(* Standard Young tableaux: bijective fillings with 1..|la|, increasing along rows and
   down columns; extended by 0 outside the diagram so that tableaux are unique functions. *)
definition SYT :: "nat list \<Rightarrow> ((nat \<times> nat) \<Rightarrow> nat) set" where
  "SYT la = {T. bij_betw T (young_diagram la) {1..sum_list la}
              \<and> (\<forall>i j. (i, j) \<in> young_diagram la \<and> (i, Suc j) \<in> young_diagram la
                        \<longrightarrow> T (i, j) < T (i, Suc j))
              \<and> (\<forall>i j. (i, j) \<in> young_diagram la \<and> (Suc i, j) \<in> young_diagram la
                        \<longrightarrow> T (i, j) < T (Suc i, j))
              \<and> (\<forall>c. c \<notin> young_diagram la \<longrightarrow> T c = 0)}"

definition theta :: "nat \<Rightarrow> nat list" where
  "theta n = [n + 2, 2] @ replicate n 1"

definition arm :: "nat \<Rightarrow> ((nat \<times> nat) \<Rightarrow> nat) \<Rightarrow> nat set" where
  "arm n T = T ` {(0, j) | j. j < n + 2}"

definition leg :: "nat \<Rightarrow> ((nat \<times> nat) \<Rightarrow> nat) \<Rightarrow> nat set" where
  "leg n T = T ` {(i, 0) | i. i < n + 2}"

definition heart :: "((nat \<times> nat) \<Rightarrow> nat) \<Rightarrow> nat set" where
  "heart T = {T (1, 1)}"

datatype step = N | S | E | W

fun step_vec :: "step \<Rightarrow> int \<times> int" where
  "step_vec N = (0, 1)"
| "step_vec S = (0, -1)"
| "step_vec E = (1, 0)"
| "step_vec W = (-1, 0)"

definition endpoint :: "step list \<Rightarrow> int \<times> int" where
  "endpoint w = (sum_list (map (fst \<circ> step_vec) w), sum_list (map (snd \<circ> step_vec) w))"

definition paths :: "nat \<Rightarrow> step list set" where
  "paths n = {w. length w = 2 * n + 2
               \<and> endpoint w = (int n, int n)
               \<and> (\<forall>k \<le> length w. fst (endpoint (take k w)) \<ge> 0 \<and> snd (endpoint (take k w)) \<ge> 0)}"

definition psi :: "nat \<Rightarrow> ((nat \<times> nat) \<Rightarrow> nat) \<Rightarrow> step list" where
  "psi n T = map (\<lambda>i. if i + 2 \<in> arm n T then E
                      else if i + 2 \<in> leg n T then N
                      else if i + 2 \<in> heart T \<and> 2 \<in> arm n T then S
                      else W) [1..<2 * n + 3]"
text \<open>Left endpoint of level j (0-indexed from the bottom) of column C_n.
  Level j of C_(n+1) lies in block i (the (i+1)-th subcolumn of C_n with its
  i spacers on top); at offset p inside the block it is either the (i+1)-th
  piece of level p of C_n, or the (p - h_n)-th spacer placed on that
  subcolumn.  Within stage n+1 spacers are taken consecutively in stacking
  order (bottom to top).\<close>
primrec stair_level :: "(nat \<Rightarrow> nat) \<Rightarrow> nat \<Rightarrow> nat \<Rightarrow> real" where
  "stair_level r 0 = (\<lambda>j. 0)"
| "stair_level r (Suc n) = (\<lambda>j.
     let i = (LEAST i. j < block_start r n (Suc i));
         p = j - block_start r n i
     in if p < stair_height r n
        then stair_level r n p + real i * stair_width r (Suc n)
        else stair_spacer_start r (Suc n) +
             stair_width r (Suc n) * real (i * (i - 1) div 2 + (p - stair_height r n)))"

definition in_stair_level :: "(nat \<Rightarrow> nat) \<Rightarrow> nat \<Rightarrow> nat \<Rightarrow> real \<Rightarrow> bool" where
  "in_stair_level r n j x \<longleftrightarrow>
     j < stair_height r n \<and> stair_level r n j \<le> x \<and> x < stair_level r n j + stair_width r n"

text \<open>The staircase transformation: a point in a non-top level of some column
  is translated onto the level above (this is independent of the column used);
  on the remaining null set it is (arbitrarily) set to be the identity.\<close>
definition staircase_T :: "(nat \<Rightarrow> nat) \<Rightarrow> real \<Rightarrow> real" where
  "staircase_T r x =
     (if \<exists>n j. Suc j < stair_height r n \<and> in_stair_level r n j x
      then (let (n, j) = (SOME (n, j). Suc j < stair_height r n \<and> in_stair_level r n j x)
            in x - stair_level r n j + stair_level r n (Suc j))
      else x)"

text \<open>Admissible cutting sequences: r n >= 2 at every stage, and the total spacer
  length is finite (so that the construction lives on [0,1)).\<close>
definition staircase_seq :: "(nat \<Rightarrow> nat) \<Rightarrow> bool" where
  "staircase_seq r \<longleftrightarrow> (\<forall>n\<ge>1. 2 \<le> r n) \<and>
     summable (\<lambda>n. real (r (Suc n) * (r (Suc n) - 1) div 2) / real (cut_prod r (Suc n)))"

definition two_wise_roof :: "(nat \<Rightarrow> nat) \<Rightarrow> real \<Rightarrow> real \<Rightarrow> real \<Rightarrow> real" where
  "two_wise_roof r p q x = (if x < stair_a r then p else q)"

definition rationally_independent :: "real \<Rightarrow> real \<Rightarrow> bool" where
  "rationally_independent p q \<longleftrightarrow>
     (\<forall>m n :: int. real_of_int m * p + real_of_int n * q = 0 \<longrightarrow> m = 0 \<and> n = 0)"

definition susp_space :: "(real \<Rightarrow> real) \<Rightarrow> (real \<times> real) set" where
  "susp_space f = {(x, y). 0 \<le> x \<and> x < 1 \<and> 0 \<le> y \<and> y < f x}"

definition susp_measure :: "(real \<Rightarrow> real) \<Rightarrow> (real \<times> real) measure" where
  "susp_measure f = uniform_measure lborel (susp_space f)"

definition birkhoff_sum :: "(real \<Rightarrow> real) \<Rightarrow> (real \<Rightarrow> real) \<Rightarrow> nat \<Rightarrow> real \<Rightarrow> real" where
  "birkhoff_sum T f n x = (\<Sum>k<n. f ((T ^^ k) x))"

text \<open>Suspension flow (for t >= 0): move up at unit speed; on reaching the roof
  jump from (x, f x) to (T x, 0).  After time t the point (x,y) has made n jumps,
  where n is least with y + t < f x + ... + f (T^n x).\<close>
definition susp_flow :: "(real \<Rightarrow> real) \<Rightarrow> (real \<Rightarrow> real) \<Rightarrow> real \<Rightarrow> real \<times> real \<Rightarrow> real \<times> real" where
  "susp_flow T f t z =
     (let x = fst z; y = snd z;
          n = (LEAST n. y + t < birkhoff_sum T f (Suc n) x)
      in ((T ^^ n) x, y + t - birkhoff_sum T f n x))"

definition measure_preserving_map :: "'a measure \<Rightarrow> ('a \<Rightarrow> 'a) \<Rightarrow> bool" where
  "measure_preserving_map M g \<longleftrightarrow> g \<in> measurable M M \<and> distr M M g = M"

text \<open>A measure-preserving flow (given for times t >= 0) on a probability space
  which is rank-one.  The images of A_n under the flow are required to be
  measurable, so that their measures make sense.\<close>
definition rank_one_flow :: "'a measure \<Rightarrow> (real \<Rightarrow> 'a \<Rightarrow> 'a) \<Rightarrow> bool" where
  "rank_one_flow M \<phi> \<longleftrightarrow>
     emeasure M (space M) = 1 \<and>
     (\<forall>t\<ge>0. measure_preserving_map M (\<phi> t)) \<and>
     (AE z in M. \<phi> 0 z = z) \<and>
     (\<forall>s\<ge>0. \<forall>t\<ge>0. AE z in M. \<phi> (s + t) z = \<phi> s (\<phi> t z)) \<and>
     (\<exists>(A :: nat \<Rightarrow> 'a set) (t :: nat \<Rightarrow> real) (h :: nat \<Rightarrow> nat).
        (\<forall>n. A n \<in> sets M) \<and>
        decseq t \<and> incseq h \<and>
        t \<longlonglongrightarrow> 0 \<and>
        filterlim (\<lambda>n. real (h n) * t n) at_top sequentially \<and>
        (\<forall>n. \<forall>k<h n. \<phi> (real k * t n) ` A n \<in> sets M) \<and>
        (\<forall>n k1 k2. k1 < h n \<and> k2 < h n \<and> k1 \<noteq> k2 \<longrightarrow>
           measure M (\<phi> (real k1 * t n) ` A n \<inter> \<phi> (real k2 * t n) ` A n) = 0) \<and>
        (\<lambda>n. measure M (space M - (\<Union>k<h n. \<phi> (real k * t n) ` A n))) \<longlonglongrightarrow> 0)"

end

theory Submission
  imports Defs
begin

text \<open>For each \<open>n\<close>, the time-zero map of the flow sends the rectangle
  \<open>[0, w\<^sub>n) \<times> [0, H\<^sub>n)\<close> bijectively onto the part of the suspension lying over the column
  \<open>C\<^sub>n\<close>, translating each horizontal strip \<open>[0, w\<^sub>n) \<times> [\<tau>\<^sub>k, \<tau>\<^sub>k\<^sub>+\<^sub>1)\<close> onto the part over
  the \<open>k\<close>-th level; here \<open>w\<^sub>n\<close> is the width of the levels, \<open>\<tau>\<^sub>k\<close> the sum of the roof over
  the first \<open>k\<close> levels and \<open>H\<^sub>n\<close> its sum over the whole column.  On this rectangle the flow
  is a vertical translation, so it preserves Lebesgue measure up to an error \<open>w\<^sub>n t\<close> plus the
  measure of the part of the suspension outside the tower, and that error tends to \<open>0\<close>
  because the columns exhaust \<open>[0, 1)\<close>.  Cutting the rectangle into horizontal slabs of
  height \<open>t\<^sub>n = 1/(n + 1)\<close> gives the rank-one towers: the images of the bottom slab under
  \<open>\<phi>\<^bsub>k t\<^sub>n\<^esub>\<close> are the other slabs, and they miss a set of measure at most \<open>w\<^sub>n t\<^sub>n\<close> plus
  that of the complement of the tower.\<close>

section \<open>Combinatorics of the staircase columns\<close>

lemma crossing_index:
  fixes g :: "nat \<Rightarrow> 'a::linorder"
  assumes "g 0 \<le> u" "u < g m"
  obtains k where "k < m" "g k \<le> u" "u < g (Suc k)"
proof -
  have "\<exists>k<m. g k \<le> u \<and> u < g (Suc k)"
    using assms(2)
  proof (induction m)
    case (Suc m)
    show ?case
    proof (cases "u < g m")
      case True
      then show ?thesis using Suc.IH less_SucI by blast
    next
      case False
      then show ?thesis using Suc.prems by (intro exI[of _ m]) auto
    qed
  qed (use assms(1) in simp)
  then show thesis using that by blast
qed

· · ·

Above are the records; copy exactly the lines from the line with "which is rank-one." through the line with "the first \<open>k\<close>", both included.

• **Response area**:
  which is rank-one.  The images of A_n under the flow are required to be
  measurable, so that their measures make sense.\<close>
definition rank_one_flow :: "'a measure \<Rightarrow> (real \<Rightarrow> 'a \<Rightarrow> 'a) \<Rightarrow> bool" where
  "rank_one_flow M \<phi> \<longleftrightarrow>
     emeasure M (space M) = 1 \<and>
     (\<forall>t\<ge>0. measure_preserving_map M (\<phi> t)) \<and>
     (AE z in M. \<phi> 0 z = z) \<and>
     (\<forall>s\<ge>0. \<forall>t\<ge>0. AE z in M. \<phi> (s + t) z = \<phi> s (\<phi> t z)) \<and>
     (\<exists>(A :: nat \<Rightarrow> 'a set) (t :: nat \<Rightarrow> real) (h :: nat \<Rightarrow> nat).
        (\<forall>n. A n \<in> sets M) \<and>
        decseq t \<and> incseq h \<and>
        t \<longlonglongrightarrow> 0 \<and>
        filterlim (\<lambda>n. real (h n) * t n) at_top sequentially \<and>
        (\<forall>n. \<forall>k<h n. \<phi> (real k * t n) ` A n \<in> sets M) \<and>
        (\<forall>n k1 k2. k1 < h n \<and> k2 < h n \<and> k1 \<noteq> k2 \<longrightarrow>
           measure M (\<phi> (real k1 * t n) ` A n \<inter> \<phi> (real k2 * t n) ` A n) = 0) \<and>
        (\<lambda>n. measure M (space M - (\<Union>k<h n. \<phi> (real k * t n) ` A n))) \<longlonglongrightarrow> 0)"

end

theory Submission
  imports Defs
begin

text \<open>For each \<open>n\<close>, the time-zero map of the flow sends the rectangle
  \<open>[0, w\<^sub>n) \<times> [0, H\<^sub>n)\<close> bijectively onto the part of the suspension lying over the column
  \<open>C\<^sub>n\<close>, translating each horizontal strip \<open>[0, w\<^sub>n) \<times> [\<tau>\<^sub>k, \<tau>\<^sub>k\<^sub>+\<^sub>1)\<close> onto the part over
  the \<open>k\<close>-th level; here \<open>w\<^sub>n\<close> is the width of the levels, \<open>\<tau>\<^sub>k\<close> the sum of the roof over
  the first \<open>k\<close> levels and \<open>H\<^sub>n\<close> its sum over the whole column.  On this rectangle the flow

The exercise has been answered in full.